Thanks for your comment, trivialknot. I like that a lot!

There are so many interesting paradoxes, and I hope to consider many of them in future posts. The one you mention is similar to one I heard about a light switch – it is switched on, then off, then on, an infinite number of times over a finite length of time – after this time has elapsed, is it on or off? Another one I like is a book with infinitely many pages, each one half as thick as the other, and alternately black and white – what would you see if you looked at the back cover? (I’m pretty sure I read them in Oppy’s book.)

Although I don’t have a formal argument to make at this stage, it seems that paradoxes of this kind seem to rely on divergent series. eg, what is the value of 1-1+1-1+1-1+1-1+… ? The partial sums are 1,0,1,0,1,0,1,… and this sequence clearly doesn’t converge. But the light paradox (and your two-compartment urn paradox) seems to essentially be asking for the sum of that series (after the nth step, the light’s on/off position can be described by a 1/0, etc). Mathematically, there just isn’t a sum – it diverges. If you insist, formally, that the series must have a sum, then we could call the sum S, and write:

S = 1-1+1-1+1-1+1-1+… = 1-[1-1+1-1+1-1+...] = 1-S.

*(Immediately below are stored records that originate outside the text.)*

(* Consider the $2\times 1$ merge network with parameters $c>0$, $k>1$, $\eta\in(0,\tfrac12)$ and constant downstream queue length $Q\ge 0$: upstream queues $1,2$ have capacities $c_1=c$, $c_2=kc$ and inflows $f_1=\eta c$, $f_2=k\eta c$; the downstream queue has capacity $c_0=(k+1)c$. For weights $\gamma_0,\gamma_1,\gamma_2>0$ and an ordered pair $(u,s)\in\{(1,2),(2,1)\}$ (unsaturated queue $u$, saturated queue $s$) define $$q_{s,act}=\frac{\gamma_0}{\gamma_s}\Big(1-\frac{c_u}{c_s}\Big)Q+\frac{\gamma_u c_u}{\gamma_s c_s}f_u,\qquad \bar q_s=q_{s,act}+f_s-\tfrac12 c_s .$$ Let $\bar q_{s,classical}$ denote $\bar q_s$ for the classical weights $\gamma_0=\gamma_1=\gamma_2=1$, and $\bar q_{s,proposed}$ denote $\bar q_s$ for the proposed weights $\gamma_1=1/c_1$, $\gamma_2=1/c_2$, $\gamma_0=1/c_0$. Then, in regime R1, as $k\to\infty$: (i) for $(u,s)=(1,2)$ (with $Q=Q(k)$ satisfying $Q\ge \frac{k^2-\eta}{k-1}c$ and $Q\ge \frac{k-\eta}{k-1}(k+1)c$, the conditions under which this state exists for both weightings), $\bar q_{s,classical}/\bar q_{s,proposed}\to 1$; (ii) for $(u,s)=(2,1)$ (with $Q$, $c$, $\eta$ fixed), $\bar q_{s,classical}/\bar q_{s,proposed}\sim k$, i.e. $\bar q_{s,classical}/(k\,\bar q_{s,proposed})\to 1$.
   Context: Model: discrete time $t=0,1,2,\dots$; two upstream queues $q_1(t),q_2(t)\ge 0$ merge into one downstream queue whose length is held constant at $Q$. The priority of upstream queue $i$ is $p_i(t)=(\gamma_i q_i(t)-\gamma_0 Q)c_i$. At each time step exactly one upstream queue is activated, one with maximal priority; the activated queue evolves as $q_i(t+1)=q_i(t)-\min(q_i(t),c_i)+f_i$, the other as $q_j(t+1)=q_j(t)+f_j$. Regime R1 means exactly one upstream queue (denoted $u$) is in the unsaturated regime (its outflow $\min(q_u,c_u)$ is below capacity) while the other (denoted $s$) is saturated (its outflow when activated equals $c_s$). The quantity $\bar q_s$ is the paper's approximation of the average steady-state length of the saturated queue, which measures time spent in the network. The weights $\gamma\equiv 1$ give the classical backpressure algorithm; the weights $\gamma=1/\text{capacity}$ give the proposed re-scaled algorithm. *)

theory Defs
  imports Complex_Main
begin

text \<open>2x1 merge network: index 0 = downstream queue, 1 and 2 = upstream queues.
  Capacities c_0 = (k+1) c, c_1 = c, c_2 = k c.\<close>
definition cap :: "real \<Rightarrow> real \<Rightarrow> nat \<Rightarrow> real" where
  "cap c k i = (if i = 0 then (k + 1) * c else if i = 1 then c else k * c)"

text \<open>Inflows f_1 = eta c, f_2 = k eta c (only used for i = 1, 2).\<close>
definition inflow :: "real \<Rightarrow> real \<Rightarrow> real \<Rightarrow> nat \<Rightarrow> real" where
  "inflow c k \<eta> i = (if i = 1 then \<eta> * c else k * \<eta> * c)"

definition classical_w :: "nat \<Rightarrow> real" where
  "classical_w i = 1"

definition proposed_w :: "real \<Rightarrow> real \<Rightarrow> nat \<Rightarrow> real" where
  "proposed_w c k i = 1 / cap c k i"

definition q_act :: "(nat \<Rightarrow> real) \<Rightarrow> real \<Rightarrow> real \<Rightarrow> real \<Rightarrow> real \<Rightarrow> nat \<Rightarrow> nat \<Rightarrow> real" where
  "q_act \<gamma> c k \<eta> Q u s =
     \<gamma> 0 / \<gamma> s * (1 - cap c k u / cap c k s) * Q
     + \<gamma> u * cap c k u / (\<gamma> s * cap c k s) * inflow c k \<eta> u"

definition q_bar :: "(nat \<Rightarrow> real) \<Rightarrow> real \<Rightarrow> real \<Rightarrow> real \<Rightarrow> real \<Rightarrow> nat \<Rightarrow> nat \<Rightarrow> real" where
  "q_bar \<gamma> c k \<eta> Q u s = q_act \<gamma> c k \<eta> Q u s + inflow c k \<eta> s - cap c k s / 2"

end

theory Submission
  imports Defs "HOL-Real_Asymp.Real_Asymp"
begin

text \<open>For (u,s) = (1,2) the Q-terms are (1 - 1/k) Q for the classical and (k - 1)/(k + 1) Q for the
  proposed weights, which differ by a relative O(1/k); the lower bound on Q keeps the proposed
  q_2 of order k, so the remaining terms only perturb the ratio by O(1/k) as well: it lies
  between 1 and 1 + 2/k. For (u,s) = (2,1) with Q fixed, the classical q_1 grows like
  k^2 \<eta> c and the proposed one like k \<eta> c.\<close>

lemma q_bar_classical_1_2:
  assumes "k > 0" and "c > 0"
  shows "q_bar classical_w c k \<eta> Q 1 2 = (1 - 1/k) * Q + \<eta> * c / k + k * \<eta> * c - k * c / 2"
  using assms by (simp add: q_bar_def q_act_def classical_w_def cap_def inflow_def field_simps)

lemma q_bar_proposed_1_2:
  assumes "k > 0" and "c > 0"
  shows "q_bar (proposed_w c k) c k \<eta> Q 1 2 = (k - 1) / (k + 1) * Q + \<eta> * c + k * \<eta> * c - k * c / 2"
proof -
  have "c * k + c * (k * k) > 0"
    using assms by (simp add: add_pos_pos)
  then show ?thesis
    using assms by (simp add: q_bar_def q_act_def proposed_w_def cap_def inflow_def field_simps)
qed

lemma q_bar_classical_2_1:
  assumes "k > 0" and "c > 0"
  shows "q_bar classical_w c k \<eta> Q 2 1 = (1 - k) * Q + k\<^sup>2 * \<eta> * c + \<eta> * c - c / 2"
  using assms
  by (simp add: q_bar_def q_act_def classical_w_def cap_def inflow_def field_simps power2_eq_square)

lemma q_bar_proposed_2_1:
  assumes "k > 0" and "c > 0"
  shows "q_bar (proposed_w c k) c k \<eta> Q 2 1 = (1 - k) / (k + 1) * Q + k * \<eta> * c + \<eta> * c - c / 2"
  using assms mult_pos_pos[of c "1 + k"]
  by (simp add: q_bar_def q_act_def proposed_w_def cap_def inflow_def field_simps)

lemma q_bar_ratio_1_2_bounds:
  fixes c \<eta> k Q :: real
  assumes c: "c > 0" and \<eta>: "0 < \<eta>" "\<eta> \<le> 1" and k: "k > 1"
    and Q: "Q \<ge> (k - \<eta>) / (k - 1) * (k + 1) * c"
  defines "r \<equiv> q_bar classical_w c k \<eta> Q 1 2 / q_bar (proposed_w c k) c k \<eta> Q 1 2"
  shows "1 \<le> r \<and> r \<le> 1 + 2 / k"
proof -
  define x where "x = (k - 1) / (k + 1) * Q"
  define A where "A = q_bar classical_w c k \<eta> Q 1 2"
  define B where "B = q_bar (proposed_w c k) c k \<eta> Q 1 2"
  have "x \<ge> (k - 1) / (k + 1) * ((k - \<eta>) / (k - 1) * (k + 1) * c)"
    unfolding x_def using Q k by (intro mult_left_mono) auto
  also have "(k - 1) / (k + 1) * ((k - \<eta>) / (k - 1) * (k + 1) * c) = (k - \<eta>) * c"
    using k by simp
  finally have x_ge: "(k - \<eta>) * c \<le> x" .
  have B_eq: "B = x + \<eta> * c + k * \<eta> * c - k * c / 2"
    using k c unfolding B_def x_def by (subst q_bar_proposed_1_2) auto
  have "A = (1 - 1/k) * Q + \<eta> * c / k + k * \<eta> * c - k * c / 2"
    using k c unfolding A_def by (subst q_bar_classical_1_2) auto
  also have "(1 - 1/k) * Q = x + x / k"
    using k unfolding x_def by (simp add: divide_simps) (simp add: algebra_simps)
  finally have A_eq: "A = B + (x - (k - 1) * \<eta> * c) / k"
    using k unfolding B_eq by (simp add: field_simps)
  have "(k - \<eta>) * c \<ge> (k - 1) * \<eta> * c"
    using c \<eta> k mult_right_mono[of \<eta> 1 "k * c"] by (simp add: algebra_simps)
  then have A_ge: "A \<ge> B"
    unfolding A_eq using x_ge k by simp
  have "0 < \<eta> * c" "0 < k * \<eta> * c"
    using c \<eta> k by simp_all
  moreover have "k * c - \<eta> * c \<le> x"
    using x_ge by (simp add: algebra_simps)
  ultimately have x_le: "x \<le> 2 * B"
    unfolding B_eq by (simp add: algebra_simps)
  have "(k - \<eta>) * c > 0"
    using c \<eta> k by simp
  with x_ge x_le have B_pos: "B > 0"
    by linarith
  have "A \<le> B + x / k"
    unfolding A_eq using c \<eta> k by (simp add: divide_right_mono)
  also have "\<dots> \<le> B + 2 * B / k"
    using x_le k by (simp add: divide_right_mono)
  finally have "A \<le> B * (1 + 2 / k)"
    by (simp add: algebra_simps)
  then show ?thesis
    unfolding r_def A_def[symmetric] B_def[symmetric] using A_ge B_pos
    by (simp add: pos_le_divide_eq pos_divide_le_eq mult.commute)
qed

lemma q_bar_ratio_1_2_tendsto:
  fixes c \<eta> :: real and Q :: "real \<Rightarrow> real"
  assumes c: "c > 0" and \<eta>: "0 < \<eta>" "\<eta> \<le> 1"
    and Q: "\<forall>k>1. Q k \<ge> (k - \<eta>) / (k - 1) * (k + 1) * c"
  shows "((\<lambda>k. q_bar classical_w c k \<eta> (Q k) 1 2 / q_bar (proposed_w c k) c k \<eta> (Q k) 1 2)
            \<longlongrightarrow> 1) at_top"
proof -
  define r where "r = (\<lambda>k. q_bar classical_w c k \<eta> (Q k) 1 2 / q_bar (proposed_w c k) c k \<eta> (Q k) 1 2)"
  have bounds: "\<forall>\<^sub>F k in at_top. 1 \<le> r k \<and> r k \<le> 1 + 2 / k"
    using eventually_gt_at_top[of 1]
    by eventually_elim (use q_bar_ratio_1_2_bounds c \<eta> Q in \<open>auto simp: r_def\<close>)
  have "((\<lambda>k::real. 1 + 2 / k) \<longlongrightarrow> 1) at_top"
    by real_asymp
  with bounds have "(r \<longlongrightarrow> 1) at_top"
    by (intro tendsto_sandwich[of "\<lambda>_. 1" r _ "\<lambda>k. 1 + 2 / k"]) (auto elim: eventually_mono)
  then show ?thesis
    unfolding r_def .
qed

lemma q_bar_ratio_2_1_asymp:
  fixes c \<eta> Q :: real
  assumes c: "c > 0" and \<eta>: "\<eta> > 0"
  shows "((\<lambda>k. q_bar classical_w c k \<eta> Q 2 1 / (k * q_bar (proposed_w c k) c k \<eta> Q 2 1))
            \<longlongrightarrow> 1) at_top"
proof -
  have "\<forall>\<^sub>F k in at_top.
      ((1 - k) * Q + k\<^sup>2 * \<eta> * c + \<eta> * c - c / 2) / (k * ((1 - k) / (k + 1) * Q + k * \<eta> * c + \<eta> * c - c / 2))
      = q_bar classical_w c k \<eta> Q 2 1 / (k * q_bar (proposed_w c k) c k \<eta> Q 2 1)"
    using eventually_gt_at_top[of 0]
    by eventually_elim (simp only: q_bar_classical_2_1 q_bar_proposed_2_1 c)
  moreover have "((\<lambda>k. ((1 - k) * Q + k\<^sup>2 * \<eta> * c + \<eta> * c - c / 2)
      / (k * ((1 - k) / (k + 1) * Q + k * \<eta> * c + \<eta> * c - c / 2))) \<longlongrightarrow> 1) at_top"
    using c \<eta> by (real_asymp simp: field_simps)
  ultimately show ?thesis
    by (rule tendsto_cong[THEN iffD1])
qed

theorem theorem2:
  fixes c \<eta> Q0 :: real and Q :: "real \<Rightarrow> real"
  assumes "c > 0" and "0 < \<eta>" and "\<eta> < 1/2" and "Q0 \<ge> 0"
    and "\<forall>k>1. Q k \<ge> 0 \<and> Q k \<ge> (k^2 - \<eta>) / (k - 1) * c
                 \<and> Q k \<ge> (k - \<eta>) / (k - 1) * (k + 1) * c"
  shows "((\<lambda>k. q_bar classical_w c k \<eta> (Q k) 1 2 / q_bar (proposed_w c k) c k \<eta> (Q k) 1 2)
            \<longlongrightarrow> 1) at_top
       \<and> ((\<lambda>k. q_bar classical_w c k \<eta> Q0 2 1 / (k * q_bar (proposed_w c k) c k \<eta> Q0 2 1))
            \<longlongrightarrow> 1) at_top"
  using q_bar_ratio_1_2_tendsto[of c \<eta> Q] q_bar_ratio_2_1_asymp[of c \<eta> Q0] assms
  by auto

end
lemma commute_unitary_diag_fun:
  assumes V: "unitary_mat n V" and P: "P \<in> carrier_mat n n"
    and comm: "P * (V * mat_diag n e * adj V) = V * mat_diag n e * adj V * P"
    and factors: "\<And>i j. i < n \<Longrightarrow> j < n \<Longrightarrow> e i = e j \<Longrightarrow> d i = d j"
  shows "P * (V * mat_diag n d * adj V) = V * mat_diag n d * adj V * P"
proof -
  have V': "unitary_mat n (adj V)" using V by (rule unitary_mat_adj)
  have Vc: "V \<in> carrier_mat n n" using V by (simp add: unitary_mat_def)
  define B where "B = adj V * P * V"
  define W where "W = V * mat_diag n e * adj V"
  have Bc: "B \<in> carrier_mat n n" and Wc: "W \<in> carrier_mat n n"
    using P Vc by (simp_all add: B_def W_def)
  have P_eq: "P = V * B * adj V"
    using unitary_conj_cancel [OF V' P] by (simp add: B_def)
  have "B * mat_diag n e = (adj V * P * V) * (adj V * W * V)"
    using unitary_conj_cancel [OF V mat_diag_dim] by (simp add: B_def W_def)
  also have "\<dots> = adj V * (W * P) * V"
    using unitary_conj_mult [OF V' P Wc] comm by (simp add: W_def)
  also have "\<dots> = (adj V * W * V) * (adj V * P * V)"
    using unitary_conj_mult [OF V' Wc P] by simp
  also have "\<dots> = mat_diag n e * B"
    using unitary_conj_cancel [OF V mat_diag_dim] by (simp add: B_def W_def)
  finally have "B * mat_diag n d = mat_diag n d * B"
    by (rule commute_mat_diag_fun [OF Bc _ factors])
  then show ?thesis
    using unitary_conj_mult [OF V Bc mat_diag_dim] unitary_conj_mult [OF V mat_diag_dim Bc]
    by (simp add: P_eq)
qed

lemma pos_semidef_mult_commuting_square:
  assumes P: "P \<in> carrier_mat n n" "pos_semidef P"
    and S: "S \<in> carrier_mat n n" "adj S = S" and comm: "P * S = S * P"
  shows "pos_semidef (P * (S * S))"
proof -
  have "P * (S * S) = (P * S) * S"
    by (rule assoc_mult_mat [OF P(1) S(1) S(1), symmetric])
  also have "\<dots> = adj S * P * S"
    by (simp only: comm S(2))
  finally show ?thesis
    using pos_semidef_congruence [OF S(1) P] by simp
qed

lemma pos_semidef_mult_unitary_diag_fun:
  assumes V: "unitary_mat n V" and P: "P \<in> carrier_mat n n" "pos_semidef P"
    and comm: "P * (V * mat_diag n e * adj V) = V * mat_diag n e * adj V * P"
    and factors: "\<And>i j. i < n \<Longrightarrow> j < n \<Longrightarrow> e i = e j \<Longrightarrow> f i = f j"
    and nonneg: "\<And>i. f i \<ge> 0"
  shows "pos_semidef (P * (V * mat_diag n (\<lambda>j. complex_of_real (f j)) * adj V))"
proof -
  have Vc: "V \<in> carrier_mat n n" using V by (simp add: unitary_mat_def)
  define D where "D = mat_diag n (\<lambda>j. complex_of_real (sqrt (f j)))"
  define S where "S = V * D * adj V"
  have Sc: "S \<in> carrier_mat n n" using Vc by (simp add: S_def D_def)
  have "adj S = S"
    using Vc by (simp add: S_def D_def adj_unitary_conj adj_mat_diag_real)
  moreover have "P * S = S * P"
    unfolding S_def D_def using V P(1) comm by (rule commute_unitary_diag_fun) (metis factors)
  moreover have "S * S = V * mat_diag n (\<lambda>j. complex_of_real (f j)) * adj V"
    using unitary_conj_mult [OF V, of D D] nonneg
    by (simp add: S_def D_def flip: of_real_mult)
  ultimately show ?thesis
    using pos_semidef_mult_commuting_square [OF P Sc] by metis
qed

theorem lemma5:
  fixes H G V :: "complex mat" and K L N :: nat and \<tau> :: "nat \<Rightarrow> real"
    and \<sigma>0 \<mu> :: real
  assumes H: "H \<in> carrier_mat K L"
    and tau_nonneg: "\<forall>i<L. \<tau> i \<ge> 0"
    and tau_eig: "char_poly (adj H * H) = (\<Prod>i<L. [:- complex_of_real (\<tau> i), 1:])"
    and N: "N \<ge> 1"
    and G: "G \<in> carrier_mat N N" "pos_def G"
    and V: "unitary_mat (N * L) V"
    and W: "kron (adj H * H) (1\<^sub>m N)
              = V * mat_diag (N * L) (\<lambda>j. complex_of_real (\<tau> (j div N))) * adj V"
    and sigma: "\<sigma>0\<^sup>2 > 0"
    and mu: "\<mu> > 0"
  shows "pos_semidef (the (mat_inverse (kron (1\<^sub>m L) G)) *
           (V * mat_diag (N * L) (\<lambda>j. complex_of_real (\<sigma>0\<^sup>2 * wf_pos \<mu> (\<tau> (j div N)))) * adj V))"
proof -
  obtain Gi where Gi: "the (mat_inverse (kron (1\<^sub>m L) G)) = kron (1\<^sub>m L) Gi"
    "Gi \<in> carrier_mat N N" "pos_semidef Gi"
    using pos_def_mat_inverse_kron_one [OF G] .
  have AH: "adj H * H \<in> carrier_mat L L" using H by (simp add: mult_carrier_mat [of _ L K])
  show ?thesis
    unfolding Gi(1)
  proof (rule pos_semidef_mult_unitary_diag_fun [OF V])
    show "kron (1\<^sub>m L) Gi \<in> carrier_mat (N * L) (N * L)"
      using kron_carrier_mat [OF one_carrier_mat Gi(2), of L] by (simp add: mult.commute)
    show "pos_semidef (kron (1\<^sub>m L) Gi)"
      using Gi(2,3) by (rule pos_semidef_kron_one)
    show "kron (1\<^sub>m L) Gi * (V * mat_diag (N * L) (\<lambda>j. complex_of_real (\<tau> (j div N))) * adj V)
        = V * mat_diag (N * L) (\<lambda>j. complex_of_real (\<tau> (j div N))) * adj V * kron (1\<^sub>m L) Gi"
      using kron_one_commute [OF AH Gi(2)] by (simp flip: W)
  qed (auto simp: wf_pos_def)
qed

end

From S=1-S, we deduce that S=1/2. So, if we suppose the sum converges, then its value is 1/2, not 0 or 1. But we can group the terms in the sum in different ways too. eg:

S = [1-1]+[1-1]+[1-1]+… = 0+0+0+… = 0

or

S = 1-[1-1]-[1-1]-[1-1] = 1-0-0-0-… = 1.

Divergent series just don’t work in mathematics, and it seems there must be something fishy going on with any “real life” scenario that is somehow modelled by them. I don’t see why it should be logically impossible for your two-compartment urn scenario to happen – I especially don’t see why the standardly conceived God couldn’t carry it out – but it seems that the question of where the ball is in the end doesn’t have a well-determined answer. Whether this means we just can’t know the answer, or that there is no answer, I’m not sure. In any case, there are more assumptions in all these scenarios than just “infinity is possible” – in particular, we must assume the existence of something/someone powerful enough to do things that quickly. That seems like a reasonably controversial assumption to me.